The Trump Administration has decided that we spend too much on kidney disease, and so has rolled out an initiative to fight it. Kidney disease is bad, ultimately kills a lot of people, and costs a lot in the interim, particularly on dialysis (over $110 billion / year).
The administration wants more people getting at-home dialysis than the 12% that presently are. HHS Secretary Alex Azar compares that to at-home rates of 85% in Hong Kong (a fairly homogenous, and controlled population), and 56% in Guatemala (a place so lovely its citizens are trying to cross our southern border).
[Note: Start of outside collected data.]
(* Let $(A,B)$ and $(A',B')$ be two weakly non-singular pairs of loxodromic elements in $\mathrm{Sp}(n,1)$, with associated tuples $p=(p_1,\dots,p_{2n})$ and $p'=(p'_1,\dots,p'_{2n})$ and normalized Gram matrices $G(p)$, $G(p')$. Then there exists $C\in\mathrm{Sp}(n,1)$ with $C(p_i)=p'_i$ for $i=1,\dots,2n$ if and only if $O_{G(p)}=O_{G(p')}$.
   Context: $\mathbb H^{n,1}$: right $\mathbb H$-vector space $\mathbb H^{n+1}$ with form $\langle\mathbf z,\mathbf w\rangle=\bar w_{n+1}z_1+\bar w_2z_2+\dots+\bar w_nz_n+\bar w_1z_{n+1}$; points of $\mathbb H\mathbb P^n$ are right lines, $\mathbf z\mapsto z$. $\mathrm{Sp}(n,1)$ preserves the form. A loxodromic $A$ (exactly two boundary fixed points, no real eigenvalue) has null eigenvectors $\mathbf a_A,\mathbf r_A$ (attracting/repelling fixed points $a_A,r_A$) and positive eigenvectors $\mathbf x_{j,A}$, $1\le j\le n-1$ (points $x_{j,A}$). A pair $(A,B)$ is weakly non-singular if $A,B$ are regular (right-eigenvalue similarity classes pairwise distinct), have no common fixed point, and $n-2$ canonical flags $(a_A,L_A,W_{j,A})$ of $A$ form generic pairs with $n-2$ canonical flags of $B$ (here $L_A$ is the $\mathbb H$-line through $a_A,r_A$, $W_{j,A}$ the projectivization of $\mathbf x_{j,A}^\perp$; flags $(p,C,\Pi),(p',C',\Pi')$ are a generic pair if $p\notin\partial C'$, $p'\notin\partial C$, $\partial C\cap\partial\Pi'=\emptyset=\partial C'\cap\partial\Pi$); indices are arranged so that for $1\le k\le n-2$, $\langle\mathbf x_{k,A},\mathbf a_B\rangle,\langle\mathbf x_{k,B},\mathbf a_A\rangle,\langle\mathbf r_A,\mathbf x_{k,B}\rangle,\langle\mathbf r_B,\mathbf x_{k,A}\rangle\ne0$. Associated tuple: $p_1=a_A,p_2=r_A,p_3=a_B,p_4=r_B$, $p_j=x_{j-4,A}$ ($5\le j\le n+2$), $p_k=x_{k-(n+2),B}$ ($n+3\le k\le 2n$). The Gram matrix $G(p)=(\langle\mathbf p_i,\mathbf p_j\rangle)$ is normalized if the lifts satisfy $g_{12}=g_{13}=g_{14}=1$, $|g_{23}|=1$, $g_{1k}=1$ ($n+3\le k\le 2n$), $g_{3j}=1$ ($5\le j\le n+2$); it is well defined up to the action $g_{ij}\mapsto\mu g_{ij}\bar\mu$ of $\mu\in\mathrm{Sp}(1)$ (unit quaternions). $O_{G(p)}=\{(\mu g_{ij}\bar\mu)_{i,j}:\mu\in\mathrm{Sp}(1)\}$ is this $\mathrm{Sp}(1)$-orbit. *)

theory Defs
  imports Complex_Main
begin

datatype quat = Quat (qr: real) (qi: real) (qj: real) (qk: real)

instantiation quat :: comm_monoid_add
begin
definition zero_quat :: quat where "zero_quat = Quat 0 0 0 0"
definition plus_quat :: "quat \<Rightarrow> quat \<Rightarrow> quat" where
  "plus_quat p q = Quat (qr p + qr q) (qi p + qi q) (qj p + qj q) (qk p + qk q)"
instance by standard (auto simp: zero_quat_def plus_quat_def)
end
lemma pos_tni_if:
  assumes G: "is_proj UNIV (G::'v::finite mat)" and "pos_tni E1" "pos_tni E0"
  shows "pos_tni (\<lambda>\<rho>. madd (E1 (G ** \<rho> ** G)) (E0 (pcomp UNIV G ** \<rho> ** pcomp UNIV G)))"
  unfolding pos_tni_def
proof (intro allI impI conjI)
  fix \<rho> :: "'v mat" assume r: "psd \<rho>"
  let ?N = "pcomp UNIV G"
  have a: "psd (G ** \<rho> ** G)" "psd (?N ** \<rho> ** ?N)"
    using pos_tni_proj[OF G] pos_tni_proj[OF is_proj_pcomp[OF G]] r by (auto simp: pos_tni_def)
  show "psd (madd (E1 (G ** \<rho> ** G)) (E0 (?N ** \<rho> ** ?N)))"
    by (rule psd_madd[OF pos_tniD(1)[OF assms(2) a(1)] pos_tniD(1)[OF assms(3) a(2)]])
  have "Re (mtrace (madd (E1 (G ** \<rho> ** G)) (E0 (?N ** \<rho> ** ?N))))
      \<le> Re (mtrace (G ** \<rho> ** G)) + Re (mtrace (?N ** \<rho> ** ?N))"
    unfolding mtrace_madd plus_complex.sel
    by (rule add_mono[OF pos_tniD(2)[OF assms(2) a(1)] pos_tniD(2)[OF assms(3) a(2)]])
  also have "\<dots> = Re (mtrace \<rho>)"
    using arg_cong[OF mtrace_proj_split[OF G, of \<rho>], of Re] by (simp only: plus_complex.sel)
  finally show "Re (mtrace (madd (E1 (G ** \<rho> ** G)) (E0 (?N ** \<rho> ** ?N)))) \<le> Re (mtrace \<rho>)" .
qed

lemma kraus_mzero: "kraus As mzero = mzero"
  by (induction As) (simp_all add: kraus_Cons kraus_Nil, simp add: madd_def mzero_def)

lemma loop_iter_mzero: "(\<And>k. Fs k mzero = mzero) \<Longrightarrow> loop_iter P Fs k mzero = mzero"
  by (induction k) auto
So those are interesting comparisons.
The administration wants easier access to for the over 100,000 on the kidney donation waiting list. “Azar said he believes it’s possible to double the number of kidneys available for transplant by 2030. ‘There is currently a lack of accountability and wide variability among these organ procurement organizations,’ he said. ‘The executive order will demand a much higher level of accountability.’ He also said living donors could receive compensation from the government for lost wages and child care.” Ah, well no chance of bureaucratic fumbling or outright corruption there. Double the number of available kidneys, really? Are there that many beans unused, untallied, or otherwise going to relative waste presently?
Thankfully the administration wants to prolong the life of the kidneys currently on the job. “To implement parts of the order, the Centers for Medicare and Medicaid Services announced Wednesday five proposed payment models intended to increase innovation in the delivery of kidney care.”
Huh, what, did someone say “money?”
A cited expert said, “‘But there lacked a good payment structure incentive for preventing kidney failure, which seems not intuitive and seems obviously something that we should fix.’
The executive order proposes to change the way Medicare providers are paid to motivate them to focus on patient education and preventing the progression of kidney disease.” How does the government know we weren’t “motivated” to prevent the progression of kidney disease? Did physicians suddenly stop treating hypertension and diabetes? This more than smells like another shot at a pay-for-performance assault, where the performers with less-complicated and more compliant patients will get a smidgen of reward at the expense of their colleagues with more problematic clients. That 2-pack a day fellow spilling protein is costing you money – what to do, what to do?
“It also calls for an awareness campaign. ‘Forty percent of Americans with some stage of kidney disease do not know they have it,’ Health and Human Services secretary Alex Azar told reporters on a call Wednesday morning.” Because again, doctors were just going to ignore this problem until the federal government stepped in to save patients.
This opens up another issue that neither the administration, nor Congress, nor doctors will dare address, although the actuaries will understand. If this moon shot at kidney disease lives up to the rhetoric, then Medicare will save a lot of money by reducing the dialysis rolls. Those Medicare beneficiaries will presumably live longer, deferring the day that they end up on dialysis or receiving some other expensive treatment; so in the long run they will have more years on Medicare, and the ratio of productive years when they paid in vs. retired years when they took out will shrink. So in the long run, if this works, Medicare will cost more, which will defeat the real reason for this latest flailing.